Several years ago after one particularly difficult time in getting people to volunteer for church ministry and even having several drop out of church almost-altogether, my wife sighed, "Maybe you've preached too much on grace." I don't think I over-preached  grace.  But I am afraid that I didn't preach well enough on the true grace of God. The true grace of God is the grace of the cross—not just the cross that Jesus died upon but the cross we are called to die upon along with Him.

Monday, August 08, 2011

Blast from the Past

We’re in the middle of "vacation season" at Denbigh. Roger and Keri are gone this week; Lynn and I will be gone will be gone next week.
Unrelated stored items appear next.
(* Let $k\ge2$, $\beta>0$, $J,B\in\mathbb{R}$, $\theta=\tanh(\beta J)$, $f_\theta(h)=\operatorname{arctanh}(\theta\tanh h)$, and let $(h,h')\in\mathbb{R}^2$ satisfy $$h=k f_\theta(h'+\beta B),\qquad h'=k f_\theta(h+\beta B).$$ Consider the periodic boundary condition $h_x=h$ if $d(x,x^0)$ is even and $h_x=h'$ if $d(x,x^0)$ is odd. Let $F_n=-\frac{1}{\beta|V_n|}\ln Z_n(\{h_x\})$ and $$d(t)=\frac{1}{2\beta}\ln\big(4\cosh[t+\beta(B+J)]\cosh[t+\beta(B-J)]\big).$$ Then $$\lim_{m\to\infty}F_{2m}=-\frac{1}{k+1}\big(k\,d(h)+d(h')\big),\qquad \lim_{m\to\infty}F_{2m+1}=-\frac{1}{k+1}\big(d(h)+k\,d(h')\big).$$
   Context: $\Gamma^k=(V,L)$ is the Cayley tree in which every vertex has $k+1$ neighbours; $x^0\in V$ is a fixed root, $d(\cdot,\cdot)$ the graph distance, $V_n=\{x:d(x,x^0)\le n\}$, $W_n=\{x:d(x,x^0)=n\}$. For a boundary condition $\{h_x\in\mathbb{R}\}_{x\in V}$, $$Z_n(\{h_x\})=\sum_{\sigma\in\{-1,1\}^{V_n}}\exp\Big\{\beta J\sum_{\langle x,y\rangle\subset V_n}\sigma(x)\sigma(y)+\beta B\sum_{x\in V_n}\sigma(x)+\sum_{x\in W_n}h_x\sigma(x)\Big\},$$ the first sum running over nearest-neighbour pairs with both endpoints in $V_n$. *)

theory Defs
  imports Complex_Main "HOL-Library.FuncSet"
begin

text \<open>Concrete model of the Cayley tree with k+1 neighbours per vertex.
  A vertex is the word of child choices along the unique path from the root x0 = [].
  The root has k+1 children (indices < k+1), every other vertex has k children
  (indices < k), so every vertex has degree k+1. The graph distance to the root
  is the length of the word; edges join x and x @ [a].\<close>

definition cayley_vertex :: "nat \<Rightarrow> nat list \<Rightarrow> bool" where
  "cayley_vertex k x \<longleftrightarrow> (\<forall>i<length x. x ! i < (if i = 0 then k + 1 else k))"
And we aren't alone. Most of our church is from other places, so when they get time off they go to those other places. It looked like half the church was out of town yesterday, but we also had a ton of guests as well.

One of our guests yesterday told me, “I was in on the vote on whether to hire you.” Steve and Linda Howell were members at Denbigh back in the early eighties.  Lynn and I came to Denbigh in May of 1980 to work as the youth minister and intern under Lloyd Unsell, but Lloyd left Denbigh several months after I got here to move to Oklahoma to be nearer his family. The elders asked me to preach on an interim basis while they found a new pulpit guy. They never found a new guy largely because they never really looked, and I kept filling in.  After a year or two or three (memories of the timeframe vary), they decided I was doing an OK job (given their low expectations,), and offered me the position. And Steve was evidently here for that vote.  So thanks, Howell's for the vote of confidence all those years ago. And thanks for all the nice things you said yesterday.

Steve and Linda represent a large part about what ministry at Denbigh have been through the years. Because of our close proximity to multiple military installations, we have had a steady stream of people coming in and going out through the years. Several years ago, Roger did a congregational study and discovered that almost half of our church had been here 2 years or less. So we have people for 3-4 years and then start all over with a new batch. Sometimes it seems that just when everyone is on the same page, the book changes, and we start all over again. So it’s good to run across people you haven’t seen for 30 (or more) years that say they appreciate what you did and what you are doing.